You're in the Army now, Peruvian-style

Tales of conscription by force call attention to a regional shift to volunteers.

When armed soldiers boarded the midnight bus carrying Henry García to the next stop on his sales route, he expected a routine roadside check. But the soldiers forced him off the bus and onto their truck. Late the next day the truck arrived at an Army barracks with 33 captives.

"Nobody could relax," Mr. García recalls. "We were scared because, according to what the soldiers told us, they were going to take us to the jungle to complete military service."

A forced illegal conscription is known here as a leva. The leva is the subject of long-standing debate in Peru. More recently it has opened up a wider debate on whether Peru should join a growing regional trend by eliminating obligatory military service altogether.

Like many other Peruvians, García had been declared "not selected" when he registered for obligatory military service nearly 10 years earlier. Now his family and the governmental human rights office were able to secure his release.

As he left the barracks, a free civilian once again, he knew many of the people he left behind would not be so fortunate.

The military has played an influential role in many Latin American nations, as it does in Peru under President Alberto Fujimori.
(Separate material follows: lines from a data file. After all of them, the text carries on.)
lemma rep_integral_ge_smult:
  assumes r: "disjoint_rep \<Sigma> r" and C: "C \<in> \<Sigma>" and "0 \<le> y"
    and le: "\<forall>\<omega>\<in>C. rep_val r \<omega> \<le> y"
  shows "smult y (\<gamma> C) \<le> rep_integral \<tau> \<gamma> C r"
proof -
  have C_r: "C \<inter> snd p \<in> \<Sigma>" if "p \<in> set r" for p
    using disjoint_rep_memD[OF r that] C by (simp add: Int)
  have "smult y (\<gamma> C) \<le> smult y (\<gamma> (C \<inter> \<Union>(snd ` set r)))"
    using r C by (intro smult_mono measure_antimono Int rep_Union_in_sets) auto
  also have "\<gamma> (C \<inter> \<Union>(snd ` set r)) = foldr \<tau> (map (\<lambda>p. \<gamma> (C \<inter> snd p)) r) eps0"
    using foldr_measure_rep[OF r C] by simp
  also have "smult y \<dots> = foldr \<tau> (map (\<lambda>p. smult y (\<gamma> (C \<inter> snd p))) r) eps0"
    using \<open>0 \<le> y\<close> C_r by (intro smult_foldr measure_in_DeltaPlus)
  also have "\<dots> \<le> rep_integral \<tau> \<gamma> C r"
    unfolding rep_integral_def
  proof (rule foldr_mono)
    fix p assume p: "p \<in> set r"
    have "smult y (\<gamma> (C \<inter> snd p)) \<le> smult (fst p) (\<gamma> (C \<inter> snd p))"
    proof (cases "C \<inter> snd p = {}")
      case True
      then show ?thesis
        using \<open>0 \<le> y\<close> disjoint_rep_memD[OF r p] by (simp add: measure_empty smult_eps0)
    next
      case False
      then obtain \<omega> where "\<omega> \<in> C" "\<omega> \<in> snd p" by blast
      then have "fst p \<le> y"
        using le rep_val_inside[OF r p] by metis
      then show ?thesis
        using disjoint_rep_memD[OF r p] C_r[OF p]
        by (intro smult_antimono measure_in_DeltaPlus) auto
    qed
    then show "smult y (\<gamma> (C \<inter> snd p)) \<in> DeltaPlus \<and>
        smult (fst p) (\<gamma> (C \<inter> snd p)) \<in> DeltaPlus \<and>
        smult y (\<gamma> (C \<inter> snd p)) \<le> smult (fst p) (\<gamma> (C \<inter> snd p))"
      using \<open>0 \<le> y\<close> disjoint_rep_memD[OF r p] C_r[OF p]
      by (auto intro!: smult_in_DeltaPlus measure_in_DeltaPlus)
  qed
  finally show ?thesis .
qed

lemma rep_integral_antimono:
  assumes "disjoint_rep \<Sigma> rg" "disjoint_rep \<Sigma> rf" "E \<in> \<Sigma>"
    and "\<forall>\<omega>\<in>E. rep_val rf \<omega> \<le> rep_val rg \<omega>"
  shows "rep_integral \<tau> \<gamma> E rg \<le> rep_integral \<tau> \<gamma> E rf"
  using assms
proof (induction rg arbitrary: E)
  case Nil
  then show ?case
    using rep_integral_ge_smult[of rf E 0] by (simp add: rep_integral_def)
next
  case (Cons q rest)
  obtain y B where q: "q = (y, B)" by (cases q)
  with Cons.prems(1) have y: "0 \<le> y" and B: "B \<in> \<Sigma>"
    and disj: "\<forall>p\<in>set rest. B \<inter> snd p = {}" and rest: "disjoint_rep \<Sigma> rest"
    by auto
  have rest_on_B: "rep_val rest \<omega> = 0" if "\<omega> \<in> B" for \<omega>
    using disj that by (intro rep_val_outside) auto
  have bound: "smult y (\<gamma> (E \<inter> B)) \<le> rep_integral \<tau> \<gamma> (E \<inter> B) rf"
    using Cons.prems q y B rest_on_B by (intro rep_integral_ge_smult) (auto simp: Int)
  have "rep_integral \<tau> \<gamma> E rest = rep_integral \<tau> \<gamma> (E - B) rest"
    using disj by (intro rep_integral_cong) blast
  also have "\<dots> \<le> rep_integral \<tau> \<gamma> (E - B) rf"
    using Cons.prems q B rest rest_on_B by (intro Cons.IH) (auto simp: Diff)
  finally have IH: "rep_integral \<tau> \<gamma> E rest \<le> rep_integral \<tau> \<gamma> (E - B) rf" .
  have "rep_integral \<tau> \<gamma> E (q # rest) = \<tau> (smult y (\<gamma> (E \<inter> B))) (rep_integral \<tau> \<gamma> E rest)"
    by (simp add: rep_integral_Cons q)
  also have "\<dots> \<le> \<tau> (rep_integral \<tau> \<gamma> (E \<inter> B) rf) (rep_integral \<tau> \<gamma> (E - B) rf)"
    using Cons.prems y B rest bound IH
    by (intro mono smult_in_DeltaPlus measure_in_DeltaPlus rep_integral_in_DeltaPlus Int Diff)
  also have "\<dots> = rep_integral \<tau> \<gamma> E rf"
    using Cons.prems(2,3) B by (rule rep_integral_split[symmetric])
  finally show ?case .
qed

lemma tau_integral_eq_rep_integral:
  assumes "simple_fun \<Omega> \<Sigma> f" "E \<in> \<Sigma>"
  obtains r where "disjoint_rep \<Sigma> r" "\<forall>\<omega>\<in>\<Omega>. f \<omega> = rep_val r \<omega>"
    and "tau_integral \<tau> \<Omega> \<Sigma> \<gamma> E f = rep_integral \<tau> \<gamma> E r"
proof
  define r where "r = (SOME r. simple_rep \<Omega> \<Sigma> f r)"
  have "simple_rep \<Omega> \<Sigma> f r"
    using assms(1) unfolding simple_fun_def r_def by (rule someI_ex)
  note rep = simple_rep_imp_disjoint_rep[OF this]
  then show "disjoint_rep \<Sigma> r" "\<forall>\<omega>\<in>\<Omega>. f \<omega> = rep_val r \<omega>" by blast+
  have "set (map (\<lambda>p. smult (fst p) (\<gamma> (E \<inter> snd p))) r) \<subseteq> DeltaPlus"
    using rep(1) assms(2)
    by (auto intro!: smult_in_DeltaPlus measure_in_DeltaPlus Int dest: disjoint_rep_memD)
  then show "tau_integral \<tau> \<Omega> \<Sigma> \<gamma> E f = rep_integral \<tau> \<gamma> E r"
    unfolding tau_integral_def Let_def r_def[symmetric] rep_integral_def
    by (simp add: split_def bigoplus_eq_foldr)
qed

end


theorem theorem4p4:
  fixes \<tau> :: "dfun \<Rightarrow> dfun \<Rightarrow> dfun" and \<Omega> :: "'a set" and \<Sigma> :: "'a set set"
    and \<gamma> :: "'a set \<Rightarrow> dfun" and f g :: "'a \<Rightarrow> real"
  assumes "triangle_function \<tau>" and "distributive_tf \<tau>"
    and "ring_of_sets \<Omega> \<Sigma>" and "\<Omega> \<noteq> {}"
    and "tau_decomposable \<tau> \<Sigma> \<gamma>"
    and "simple_fun \<Omega> \<Sigma> f" and "simple_fun \<Omega> \<Sigma> g"
    and "\<forall>\<omega>\<in>\<Omega>. f \<omega> \<le> g \<omega>"
    and "E \<in> \<Sigma>"
  shows "tau_integral \<tau> \<Omega> \<Sigma> \<gamma> E g \<le> tau_integral \<tau> \<Omega> \<Sigma> \<gamma> E f"
proof -
  interpret tau_measure \<tau> \<Omega> \<Sigma> \<gamma>
    unfolding tau_measure_def tau_measure_axioms_def distributive_triangle_fun_def
      distributive_triangle_fun_axioms_def triangle_fun_def
    using assms(1,2,3,5) by blast
  obtain rf where rf: "disjoint_rep \<Sigma> rf" "\<forall>\<omega>\<in>\<Omega>. f \<omega> = rep_val rf \<omega>"
    and int_f: "tau_integral \<tau> \<Omega> \<Sigma> \<gamma> E f = rep_integral \<tau> \<gamma> E rf"
    using tau_integral_eq_rep_integral[OF assms(6,9)] .
  obtain rg where rg: "disjoint_rep \<Sigma> rg" "\<forall>\<omega>\<in>\<Omega>. g \<omega> = rep_val rg \<omega>"
    and int_g: "tau_integral \<tau> \<Omega> \<Sigma> \<gamma> E g = rep_integral \<tau> \<gamma> E rg"
    using tau_integral_eq_rep_integral[OF assms(7,9)] .
  have "\<forall>\<omega>\<in>E. rep_val rf \<omega> \<le> rep_val rg \<omega>"
    using assms(8,9) rf(2) rg(2) sets_into_space by fastforce
  with rf(1) rg(1) assms(9) show ?thesis
    unfolding int_f int_g by (intro rep_integral_antimono)
qed

end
But such lands as Guatemala, El Salvador, and Argentina have ended obligatory service in recent years.

Paraguay and Ecuador have instituted a conscientious objection clause in their laws. In Honduras and Colombia there are growing debates on the issue.

In Peru the Constitution establishes obligatory military service for men 17 years or older for a maximum of two years. But, according to both civilian and military experts, the service is obligatory only on paper.

"Whoever has a godfather in the Army or comes from the middle or upper-middle class doesn't fulfill their service," says human rights advocate Susana Villaran. The Army's ranks are overwhelmingly filled with dark-skinned youths from the lower economic classes of Peruvian society. People pay as much as $160 to "fail" medical exams or use influence to be declared "not selected" for service, says Ms. Villaran.

The Army, the largest of the three armed forces, often comes up short of the required conscripts it needs.

"The Army is structurally addicted to the leva," says Villaran. "They cover the difference in the number of conscripts they need and the number they have with levas, because there is no other way to secure the required number."

According to complaints registered at the governmental human rights ombudsman's office, leva victims include 15- and 16-year-olds who are too young to serve, those who have already been "not selected" such as García, and those who were selected and failed to report to duty. Even in the case of the latter, levas are illegal, arbitrary detentions, since there is a clearly outlined judicial process to sanction those who fail to report for duty.

The military continues to deny that levas occur. But many Peruvians have started to widen the debate and look at the leva not only as a problem but also as evidence of an obligatory service that doesn't work. For this reason the governmental human rights ombudsman's office has suggested in a recently released report that Peru do away with obligatory military service as it is known today in addition to working to stop levas.

"All over the world today the tendency is toward professional armed forces. That's why in so many countries military service is voluntary," says Samuel Abad of the ombudsman's office.

"Obligatory service could work here," he says, "but only if there were alternative, civilian options as well."

Mr. Abad is not a maverick in his opinions. September polls showed nearly 75 percent of those interviewed in favor of civilian service options. Majority and minority lawmakers have also raised the issue of alternative service.

While Peru's Congress hasn't yet attacked the laws governing military service, it recently approved changes in the law governing firemen. Under these, voluntary service as a fireman will count as fulfilling obligatory military service.

Many, like Abad, are hoping this change in service options is the first of more to come.